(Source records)

== == ==

lemma continuous_on_kernel_integral:
  assumes p: "integrable M p"
  shows "continuous_on \<Omega> (kernel_integral p)"
  unfolding continuous_on_iff
proof (intro ballI allI impI)
  fix y e assume y: "y \<in> \<Omega>" and "(0::real) < e"
  define C where "C = (\<integral>x. \<bar>p x\<bar> \<partial>M) + 1"
  have "0 \<le> (\<integral>x. \<bar>p x\<bar> \<partial>M)" by (rule integral_nonneg_AE) simp
  then have "0 < C" unfolding C_def by linarith
  have "uniformly_continuous_on (\<Omega> \<times> \<Omega>) (\<lambda>(x, y). K x y)"
    by (rule compact_uniformly_continuous[OF continuous_K compact_Times[OF compact compact]])
  then obtain d where "0 < d" and d: "\<And>a b. a \<in> \<Omega> \<times> \<Omega> \<Longrightarrow> b \<in> \<Omega> \<times> \<Omega> \<Longrightarrow> dist b a < d \<Longrightarrow>
       dist ((\<lambda>(x, y). K x y) b) ((\<lambda>(x, y). K x y) a) < e / C"
    using \<open>0 < e\<close> \<open>0 < C\<close> unfolding uniformly_continuous_on_def by (metis divide_pos_pos)
  show "\<exists>d>0. \<forall>y'\<in>\<Omega>. dist y' y < d \<longrightarrow> dist (kernel_integral p y') (kernel_integral p y) < e"
  proof (intro exI[of _ d] conjI ballI impI \<open>0 < d\<close>)
    fix y' assume y': "y' \<in> \<Omega>" "dist y' y < d"
    have K_close: "\<bar>K x y' * p x - K x y * p x\<bar> \<le> e / C * \<bar>p x\<bar>" if "x \<in> space M" for x
    proof -
      have "\<bar>K x y' - K x y\<bar> \<le> e / C"
        using d[of "(x, y)" "(x, y')"] that y y' by (simp add: space_eq dist_Pair_Pair dist_real_def)
      then have "\<bar>K x y' - K x y\<bar> * \<bar>p x\<bar> \<le> e / C * \<bar>p x\<bar>"
        by (rule mult_right_mono) simp
      then show ?thesis by (simp add: abs_mult[symmetric] left_diff_distrib)
    qed
    have "\<bar>kernel_integral p y' - kernel_integral p y\<bar> = \<bar>\<integral>x. K x y' * p x - K x y * p x \<partial>M\<bar>"
      using integrable_kernel_mult[OF p y'(1)] integrable_kernel_mult[OF p y] by (simp add: kernel_integral_def)
    also have "\<dots> \<le> (\<integral>x. e / C * \<bar>p x\<bar> \<partial>M)"
      using K_close integrable_kernel_mult[OF p y'(1)] integrable_kernel_mult[OF p y] p
      by (intro integral_abs_bound[THEN order_trans] integral_mono) auto
    also have "\<dots> = e / C * (\<integral>x. \<bar>p x\<bar> \<partial>M)" by simp
    also have "\<dots> < e / C * C"
      using \<open>0 < e\<close> \<open>0 < C\<close> by (intro mult_strict_left_mono) (auto simp: C_def)
    finally show "dist (kernel_integral p y') (kernel_integral p y) < e"
      using \<open>0 < C\<close> by (simp add: dist_real_def)
  qed
qed

lemma kernel_integral_convex_combination:
  assumes "integrable M p" "integrable M q" "y \<in> \<Omega>"
  shows "kernel_integral (\<lambda>x. l * p x + (1 - l) * q x) y = l * kernel_integral p y + (1 - l) * kernel_integral q y"
  using integrable_kernel_mult[OF assms(1,3)] integrable_kernel_mult[OF assms(2,3)]
  by (simp add: kernel_integral_def algebra_simps)

lemma integrable_exp_kernel_integral:
  assumes "integrable M p"
  shows "integrable M (\<lambda>y. exp (\<beta> * kernel_integral p y))"
  by (intro integrable_continuous_on_space continuous_on_exp continuous_on_mult_left
      continuous_on_kernel_integral[OF assms])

== == ==

▶ YOUR TASK
Begin with the line above that has "fix y e assume" and continue through the line that has "using K_close integrable_kernel_mult[OF", setting each one down exactly. Stop there.

▶ ANSWER BOX
  fix y e assume y: "y \<in> \<Omega>" and "(0::real) < e"
  define C where "C = (\<integral>x. \<bar>p x\<bar> \<partial>M) + 1"
  have "0 \<le> (\<integral>x. \<bar>p x\<bar> \<partial>M)" by (rule integral_nonneg_AE) simp
  then have "0 < C" unfolding C_def by linarith
  have "uniformly_continuous_on (\<Omega> \<times> \<Omega>) (\<lambda>(x, y). K x y)"
    by (rule compact_uniformly_continuous[OF continuous_K compact_Times[OF compact compact]])
  then obtain d where "0 < d" and d: "\<And>a b. a \<in> \<Omega> \<times> \<Omega> \<Longrightarrow> b \<in> \<Omega> \<times> \<Omega> \<Longrightarrow> dist b a < d \<Longrightarrow>
       dist ((\<lambda>(x, y). K x y) b) ((\<lambda>(x, y). K x y) a) < e / C"
    using \<open>0 < e\<close> \<open>0 < C\<close> unfolding uniformly_continuous_on_def by (metis divide_pos_pos)
  show "\<exists>d>0. \<forall>y'\<in>\<Omega>. dist y' y < d \<longrightarrow> dist (kernel_integral p y') (kernel_integral p y) < e"
  proof (intro exI[of _ d] conjI ballI impI \<open>0 < d\<close>)
    fix y' assume y': "y' \<in> \<Omega>" "dist y' y < d"
    have K_close: "\<bar>K x y' * p x - K x y * p x\<bar> \<le> e / C * \<bar>p x\<bar>" if "x \<in> space M" for x
    proof -
      have "\<bar>K x y' - K x y\<bar> \<le> e / C"
        using d[of "(x, y)" "(x, y')"] that y y' by (simp add: space_eq dist_Pair_Pair dist_real_def)
      then have "\<bar>K x y' - K x y\<bar> * \<bar>p x\<bar> \<le> e / C * \<bar>p x\<bar>"
        by (rule mult_right_mono) simp
      then show ?thesis by (simp add: abs_mult[symmetric] left_diff_distrib)
    qed
    have "\<bar>kernel_integral p y' - kernel_integral p y\<bar> = \<bar>\<integral>x. K x y' * p x - K x y * p x \<partial>M\<bar>"
      using integrable_kernel_mult[OF p y'(1)] integrable_kernel_mult[OF p y] by (simp add: kernel_integral_def)
    also have "\<dots> \<le> (\<integral>x. e / C * \<bar>p x\<bar> \<partial>M)"
      using K_close integrable_kernel_mult[OF p y'(1)] integrable_kernel_mult[OF p y] p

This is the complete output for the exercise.